<<<<

lemma finite_card_cos_sum_zeros_near_node_le_2:
  fixes j :: int
  assumes "finite K" "n \<notin> K" "0 < n" "c \<le> pi" "(\<Sum>k\<in>K. (real k)\<^sup>2) < (real n)\<^sup>2 * cos c"
  shows "finite {t \<in> {(j * pi - c) / n..(j * pi + c) / n}. cos_sum (insert n K) t = 0}"
    "card {t \<in> {(j * pi - c) / n..(j * pi + c) / n}. cos_sum (insert n K) t = 0} \<le> 2"
proof -
  have nonzero: "- cos_moment (insert n K) t \<noteq> 0"
    if "(j * pi - c) / n \<le> t" "t \<le> (j * pi + c) / n" for t
  proof -
    from that have "\<bar>n * t - j * pi\<bar> \<le> c" using assms(3) by (simp add: field_simps abs_le_iff)
    then have "cos c \<le> \<bar>cos (n * t)\<bar>" using assms(4) by (rule cos_le_abs_cos_near_nodes[rotated])
    then have "(real n)\<^sup>2 * cos c \<le> (real n)\<^sup>2 * \<bar>cos (n * t)\<bar>" by (simp add: mult_left_mono)
    then have "(\<Sum>k\<in>K. (real k)\<^sup>2) < (real n)\<^sup>2 * \<bar>cos (n * t)\<bar>" using assms(5) by linarith
    then show ?thesis using cos_moment_insert_nonzero assms(1,2) by simp
  qed
  have deriv:
    "((\<lambda>t. - sin_moment (insert n K) t) has_real_derivative - cos_moment (insert n K) t) (at t)"
    if "(j * pi - c) / n \<le> t" "t \<le> (j * pi + c) / n" for t
    by (intro derivative_intros sin_moment_has_real_derivative)
  show "finite {t \<in> {(j * pi - c) / n..(j * pi + c) / n}. cos_sum (insert n K) t = 0}"
    "card {t \<in> {(j * pi - c) / n..(j * pi + c) / n}. cos_sum (insert n K) t = 0} \<le> 2"
    using finite_card_zeros_le_2_if_second_deriv_nonzero[OF cos_sum_has_real_derivative deriv nonzero]
    by simp_all
qed

text \<open>Half of the Chebyshev polynomial \<open>U\<^sub>5\<close>: \<open>cos t + cos 3t + cos 5t = sin 6t / (2 sin t)\<close>.\<close>

definition odd_cos_poly :: "real \<Rightarrow> real" where
  "odd_cos_poly x = 16 * x ^ 5 - 16 * x ^ 3 + 3 * x"

lemma cos_sum_1_3_5: "cos_sum {1, 3, 5} t = odd_cos_poly (cos t)"
proof -
  have c2: "cos (2 * t) = 1 - 2 * (sin t)\<^sup>2" by (simp add: cos_double cos_squared_eq)
  have s2: "sin (2 * t) = 2 * sin t * cos t" by (rule sin_double)
  have c3: "cos (3 * t) = 4 * cos t ^ 3 - 3 * cos t" by (rule cos_treble_cos)
  have "sin (3 * t) = sin (2 * t) * cos t + cos (2 * t) * sin t"
    using sin_add[of "2 * t" t] by simp
  then have s3: "sin (3 * t) = sin t * (3 - 4 * (sin t)\<^sup>2)"
    unfolding c2 s2 using cos_squared_eq[of t] by algebra
  have "cos (5 * t) = cos (3 * t) * cos (2 * t) - sin (3 * t) * sin (2 * t)"
    using cos_add[of "3 * t" "2 * t"] by simp
  also have "\<dots> = 16 * cos t ^ 5 - 20 * cos t ^ 3 + 5 * cos t"
    unfolding c2 s2 c3 s3 using sin_squared_eq[of t] by algebra
  finally show ?thesis by (simp add: cos_sum_def odd_cos_poly_def c3)
qed

lemma P2n_eq_pair_poly: "5 < n \<Longrightarrow> P2n n = pair_poly n {n, 1, 3, 5}"
  by (simp add: P2n_def pair_poly_def mult_2 add_ac)

lemma degree_P2n: assumes "5 < n" shows "degree (P2n n) = 2 * n"
proof (rule antisym)
  show "degree (P2n n) \<le> 2 * n" using assms unfolding P2n_def
    by (intro degree_add_le) (auto simp: degree_monom_eq intro: order.trans[OF degree_monom_le])
  have "coeff (P2n n) (2 * n) = 1" using assms unfolding P2n_def by (auto simp: coeff_monom)
  then show "2 * n \<le> degree (P2n n)" by (intro le_degree) simp
qed

lemma P2n_nonzero: "5 < n \<Longrightarrow> P2n n \<noteq> 0"
  using degree_P2n[of n] by fastforce

lemma cos_sum_P2n: "5 < n \<Longrightarrow> cos_sum {n, 1, 3, 5} t = cos (n * t) + odd_cos_poly (cos t)"
  by (simp add: cos_sum_def flip: cos_sum_1_3_5)

lemma P2n_root_iff:
  assumes "5 < n"
  shows "poly (P2n n) (cis t) = 0 \<longleftrightarrow> cos (n * t) + odd_cos_poly (cos t) = 0"
proof -
  have "\<forall>k\<in>{n, 1, 3, 5}. k \<le> n" using assms by simp
  then show ?thesis
    using pair_poly_root_iff[of "{n, 1, 3, 5}" n t] P2n_eq_pair_poly[OF assms]
      cos_sum_P2n[OF assms, of t]
    by simp
qed

text \<open>The constants \<open>9 = 1 + 3 + 5\<close> and \<open>35 = 1 + 9 + 25\<close> bound the first two derivatives of
  \<open>cos t + cos 3t + cos 5t\<close>.\<close>

lemma order_P2n_le_1:
  assumes "5 < n" "9 < n * \<bar>sin (n * t)\<bar>"
  shows "order (cis t) (P2n n) \<le> 1"
proof -
  have "sin_moment (insert n {1, 3, 5}) t \<noteq> 0"
    using assms by (intro sin_moment_insert_nonzero) auto
  then show ?thesis
    using order_pair_poly_le_1[of "{n, 1, 3, 5}" n t] assms(1) by (simp add: P2n_eq_pair_poly)
qed

lemma order_P2n_le_2:
  assumes "5 < n" "35 < (real n)\<^sup>2 * \<bar>cos (n * t)\<bar>"
  shows "order (cis t) (P2n n) \<le> 2"
proof -
  have "cos_moment (insert n {1, 3, 5}) t \<noteq> 0"
    using assms by (intro cos_moment_insert_nonzero) auto
  then show ?thesis
    using order_pair_poly_le_2[of "{n, 1, 3, 5}" n t] assms(1) by (simp add: P2n_eq_pair_poly)
qed

lemma odd_cos_poly_less_1:
  assumes "0 \<le> x" "x \<le> 4/5"
  shows "odd_cos_poly x < 1"
proof -
  \<comment> \<open>the coefficients of \<open>1 - odd_cos_poly\<close> in the Bernstein basis of \<open>[0, 4/5]\<close>\<close>
  define bs :: "real list"
    where "bs = [3125/1024, 8125/1024, 625/512, 5925/512, 36825/1024, 4841/1024]"
  have "1 - odd_cos_poly x = (\<Sum>i<length bs. bs ! i * (x - 0) ^ i * (4/5 - x) ^ (length bs - 1 - i))"
    by (simp add: bs_def odd_cos_poly_def eval_nat_numeral) algebra
  also have "0 < \<dots>"
    by (rule bernstein_form_pos) (use assms in \<open>auto simp: bs_def\<close>)
  finally show ?thesis by simp
qed

lemma odd_cos_poly_ge_neg: "0 \<le> x \<Longrightarrow> - x \<le> odd_cos_poly x"
proof -
  assume "0 \<le> x"
  have "odd_cos_poly x + x = x * (4 * x\<^sup>2 - 2)\<^sup>2"
    unfolding odd_cos_poly_def by algebra
  moreover have "0 \<le> x * (4 * x\<^sup>2 - 2)\<^sup>2" using \<open>0 \<le> x\<close> by simp
  ultimately show ?thesis by linarith
qed

lemma odd_cos_poly_minus: "odd_cos_poly (- x) = - odd_cos_poly x"
  by (simp add: odd_cos_poly_def)

lemma abs_odd_cos_poly_abs: "\<bar>odd_cos_poly \<bar>x\<bar>\<bar> = \<bar>odd_cos_poly x\<bar>"
  by (cases "0 \<le> x") (simp_all add: odd_cos_poly_minus)

lemma odd_cos_poly_strict_mono:
  assumes "4/5 \<le> x" "x < y"
  shows "odd_cos_poly x < odd_cos_poly y"
proof (rule DERIV_pos_imp_increasing[OF assms(2)])
  fix t assume "x \<le> t" "t \<le> y"
  then have "(4/5)\<^sup>2 \<le> t\<^sup>2" using assms(1) by (intro power_mono) auto
  then have "0 \<le> 5 * t\<^sup>2 - 3" by (simp add: power_divide)
  then have "0 \<le> t\<^sup>2 * (5 * t\<^sup>2 - 3)" by (rule mult_nonneg_nonneg[OF zero_le_power2])
  moreover have "80 * t ^ 4 - 48 * t\<^sup>2 + 3 = 16 * (t\<^sup>2 * (5 * t\<^sup>2 - 3)) + 3" by algebra
  ultimately have "0 < 80 * t ^ 4 - 48 * t\<^sup>2 + 3" by linarith
  moreover have "(odd_cos_poly has_real_derivative 80 * t ^ 4 - 48 * t\<^sup>2 + 3) (at t)"
    unfolding odd_cos_poly_def[abs_def]
    by (auto intro!: derivative_eq_intros simp: power2_eq_square)
  ultimately show "\<exists>d. (odd_cos_poly has_real_derivative d) (at t) \<and> 0 < d" by blast
qed

definition node_window :: "nat \<Rightarrow> real \<Rightarrow> real \<Rightarrow> int" where
  "node_window n c t = \<lfloor>real n / pi * t + c / pi\<rfloor>"

lemma node_window_bounds:
  "node_window n c t * pi - c \<le> real n * t" "real n * t < (node_window n c t + 1) * pi - c"
proof -
  define y where "y = (real n * t + c) / pi"
  have w: "node_window n c t = \<lfloor>y\<rfloor>" by (simp add: node_window_def y_def add_divide_distrib)
  have "real n * t + c = y * pi" by (simp add: y_def)
  moreover have "real_of_int \<lfloor>y\<rfloor> * pi \<le> y * pi" "y * pi < (real_of_int \<lfloor>y\<rfloor> + 1) * pi"
    by (intro mult_right_mono mult_strict_right_mono; simp)+
  ultimately show "node_window n c t * pi - c \<le> real n * t"
    "real n * t < (node_window n c t + 1) * pi - c"
    unfolding w of_int_add of_int_1 by linarith+
qed

definition off_node_angles :: "nat \<Rightarrow> real \<Rightarrow> real set" where
  "off_node_angles n c = {t \<in> unit_root_angles (P2n n). node_window n c t * pi + c \<le> real n * t}"

definition near_node_angles :: "nat \<Rightarrow> real \<Rightarrow> real set" where
  "near_node_angles n c = {t \<in> unit_root_angles (P2n n). real n * t < node_window n c t * pi + c}"

lemma unit_root_angles_P2n_split:
  "unit_root_angles (P2n n) = off_node_angles n c \<union> near_node_angles n c"
  "off_node_angles n c \<inter> near_node_angles n c = {}"
  by (auto simp: off_node_angles_def near_node_angles_def)

lemma off_node_angle_bounds:
  "t \<in> off_node_angles n c \<Longrightarrow>
    node_window n c t * pi + c \<le> real n * t \<and> real n * t \<le> (node_window n c t + 1) * pi - c"
  using node_window_bounds(2)[of n t c] by (simp add: off_node_angles_def)

lemma near_node_angle_bounds:
  "t \<in> near_node_angles n c \<Longrightarrow> \<bar>real n * t - node_window n c t * pi\<bar> \<le> c"
  using node_window_bounds(1)[of n c t] by (auto simp: near_node_angles_def)

lemma cos_sum_P2n_root:
  "5 < n \<Longrightarrow> t \<in> unit_root_angles (P2n n) \<Longrightarrow> cos_sum {n, 1, 3, 5} t = 0"
  using cos_sum_P2n[of n t] by (simp add: unit_root_angles_def P2n_root_iff)

lemma order_P2n_off_node_le_1:
  assumes "5 < n" "9 < n * sin c" "0 < c" "c < pi / 2" "t \<in> off_node_angles n c"
  shows "order (cis t) (P2n n) \<le> 1"
proof (rule order_P2n_le_1[OF assms(1)])
  have "sin c \<le> \<bar>sin (real n * t)\<bar>"
    using off_node_angle_bounds[OF assms(5)] assms(3,4)
    by (intro sin_le_abs_sin_off_nodes[of c "node_window n c t"]) auto
  then have "real n * sin c \<le> real n * \<bar>sin (real n * t)\<bar>" by (simp add: mult_left_mono)
  then show "9 < real n * \<bar>sin (real n * t)\<bar>" using assms(2) by linarith
qed

lemma inj_on_node_window_off_node_angles:
  assumes "5 < n" "9 < n * sin c" "0 < c" "c < pi / 2"
  shows "inj_on (node_window n c) (off_node_angles n c)"
proof (rule inj_onI)
  fix t t' assume t: "t \<in> off_node_angles n c" "t' \<in> off_node_angles n c"
    and eq: "node_window n c t = node_window n c t'"
  define j where "j = node_window n c t"
  have mem: "s \<in> {(j * pi + c) / n..((j + 1) * pi - c) / n}"
    if "s \<in> off_node_angles n c" "node_window n c s = j" for s
    using off_node_angle_bounds[OF that(1)] that(2) assms(1)
    by (simp add: pos_divide_le_eq pos_le_divide_eq mult.commute)
  have "inj_on (cos_sum (insert n {1, 3, 5})) {(j * pi + c) / n..((j + 1) * pi - c) / n}"
    using assms by (intro inj_on_cos_sum_off_nodes) auto
  moreover have "cos_sum (insert n {1, 3, 5}) t = cos_sum (insert n {1, 3, 5}) t'"
    using cos_sum_P2n_root[OF assms(1), of t] cos_sum_P2n_root[OF assms(1), of t'] t
    by (simp add: off_node_angles_def)
  ultimately show "t = t'" using mem[OF t(1)] mem[OF t(2)] eq by (simp add: j_def inj_on_eq_iff)
qed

>>>>

■ Exercise instructions: In the listing above, find the line with "by (rule bernstein_form_pos)" and the line with "unfolding odd_cos_poly_def by algebra"; set down exactly those two lines and every line between them, nothing more.

■ Answer for the task:
    by (rule bernstein_form_pos) (use assms in \<open>auto simp: bs_def\<close>)
  finally show ?thesis by simp
qed

lemma odd_cos_poly_ge_neg: "0 \<le> x \<Longrightarrow> - x \<le> odd_cos_poly x"
proof -
  assume "0 \<le> x"
  have "odd_cos_poly x + x = x * (4 * x\<^sup>2 - 2)\<^sup>2"
    unfolding odd_cos_poly_def by algebra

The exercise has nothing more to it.